Evaluate[Expand[(a + I b) (a - I b)]]


i.e.

RegionPlot[MatchQ[Evaluate[Expand[(a + I b) (a - I b)]], _Real],{a,-2,2},{b,-2,2}]


RegionPlot displays a completely blank region (also the case for ComplexExpand). Since Evaluate should have presumably overridden the HoldAll attribute of RegionPlot, I would have expected the expression to evaluate to Real and therefore for the MatchQ to evaluate to True, so why doesn't RegionPlot display the region in this case?

-
Evaluate overrides only Hold-attributes of heads immediately enclosing it, but you have another layer here (MatchQ). This discussion might help. –  Leonid Shifrin May 6 '12 at 11:49
thanks for the link: yes, a useful and comprehensive discussion on lexical vs dynamic scoping. –  NCM May 7 '12 at 2:02

## 2 Answers

As it turns out, the Evaluate is only evaluated immediately if it is top level in the argument, as the following code shows:

ClearAll[test];SetAttributes[test,HoldAll];test[x_]:=Hold[x]
test[Evaluate[1+1]]
(*
==> Hold[2]
*)
test[f[Evaluate[1+1]]]
(*
==> Hold[f[Evaluate[1+1]]]
*)


Since in your code it is not top level, it is passed on together with the rest of the expression to RegionPlot. It is evaluated at a point where the variables already have numerical values. And this gives a complex result with imaginary part numerically zero, as the following proves:

ClearAll[f];SetAttributes[f,HoldAll];f[x_]:=Block[{a=1.,b=1.},x]
f[Head[Evaluate[(a+I b)(a-I b)]]]
(*
==> Complex
*)
f[(a+I b)(a-I b)]
(*
==> 2.+0. I
*)


You can get rid of the numerically zero imaginary part by using Chop:

RegionPlot[MatchQ[Chop@Evaluate[Expand[(a+I b) (a-I b)]],_Real],{a,-2,2},{b,-2,2}]

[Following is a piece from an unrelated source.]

(* Assume $M$ is a message set whose communication topology $G_M$ is an oriented ring, and let $S=(P_1,\dots,P_N)$ be a $1$-synchronizable $M$-system. Then for every $\tau\in T_\omega(S)$ there is a normalized trace $\tau_N\in T_\omega(S)$ such that $\tau\equiv_S\tau_N$.
   Context: A message set $M=(\Sigma_M,N,\mathrm{src},\mathrm{dst})$: finite set of messages, $N\ge1$ peers, $\mathrm{src}(a)\neq\mathrm{dst}(a)\in\{1,\dots,N\}$. Its communication topology $G_M$ is the directed graph on $\{1,\dots,N\}$ with an edge $i\to j$ iff some message $a$ has $\mathrm{src}(a)=i$, $\mathrm{dst}(a)=j$; $G_M$ is an oriented ring if its edge set is exactly $\{(i,j)\mid j=i+1 \bmod N\}$. Actions $!a$ (by peer $\mathrm{src}(a)$), $?a$ (by peer $\mathrm{dst}(a)$); traces are finite action sequences; $!?a$ abbreviates $!a\cdot?a$. For a trace $\tau$, $\pi_!(\tau)$ is the sequence of sent messages; $\mathrm{buf}_{i\to j}(\tau)$ is the word $w$ (if any) with (sent on $i\to j$) $=$ (received on $i\to j$)$\cdot w$. $\tau$ is FIFO ($k$-bounded FIFO) if for all $i,j$ and prefixes $\tau'$, $\mathrm{buf}_{i\to j}(\tau')$ is defined (and has length $\le k$); synchronous if of the form $!?a_1\cdots!?a_k$. A trace is normalized if it is of the form $\tau_0\cdot !a_1\cdots !a_n$ with $\tau_0$ synchronous, $n\ge0$, $a_1,\dots,a_n\in\Sigma_M$. A system $S=(P_1,\dots,P_N)$: finite automata $P_i$ (all states accepting) over actions of peer $i$, with one FIFO channel per ordered pair $i\neq j$. A configuration: one control state per peer and contents $w_{i,j}$ of channels; stable if all channels empty. $!a$ ($\mathrm{src}(a)=i,\mathrm{dst}(a)=j$) moves $P_i$ and appends $a$ to $w_{i,j}$; $?a$ moves $P_j$ and removes $a$ from the head of $w_{i,j}$; $c_0$ is the initial configuration. $T_k(S)$ ($k\ge1$): $k$-bounded FIFO traces $\tau$ with $c_0\xrightarrow{\tau}c$ for some $c$; $T_0(S)$: synchronous such traces; $T_\omega(S)=\bigcup_kT_k(S)$. $\tau_1\equiv_S\tau_2$ iff $\tau_1,\tau_2\in T_\omega(S)$ and there is $c$ with $c_0\xrightarrow{\tau_1}c$ and $c_0\xrightarrow{\tau_2}c$. $ST_k(S)=\{\pi_!(\tau)\mid\tau\in T_k(S)\}\cup\{(\pi_!(\tau),c)\mid c_0\xrightarrow{\tau}c,\ c\text{ stable},\ \tau\in T_k(S)\}$; $S$ is $1$-synchronizable if $ST_0(S)=ST_1(S)$. *)

theory Defs
  imports Main
begin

More generally, to evaluate just part of an expression passed to a function with HoldAll attribute, you can use With:

With[{expr=Expand[(a+I b)(a-I b)]},
RegionPlot[MatchQ[expr,_Real],{a,-2,2},{b,-2,2}]]

-
Many thanks: I suspect Chopping will likely be required with the actual function concerned so appreciate the pointer. Useful tip on the evaluation sequence. –  NCM May 6 '12 at 14:57
@NCM: Thank you for the accept. –  celtschk May 6 '12 at 16:01

I haven't tried to fix your code, but I suppose I would try to plot the region like so

RegionPlot[Sqrt[1 - (x^2 + y^2)] ==
Re[Sqrt[1 - (x^2 + y^2)]], {x, -2, 2}, {y, -2, 2}]


Or even using DensityPlot, which only plots spots where the function is real.

DensityPlot[Sqrt[1 - (x^2 + y^2)], {x, -2, 2}, {y, -2, 2}]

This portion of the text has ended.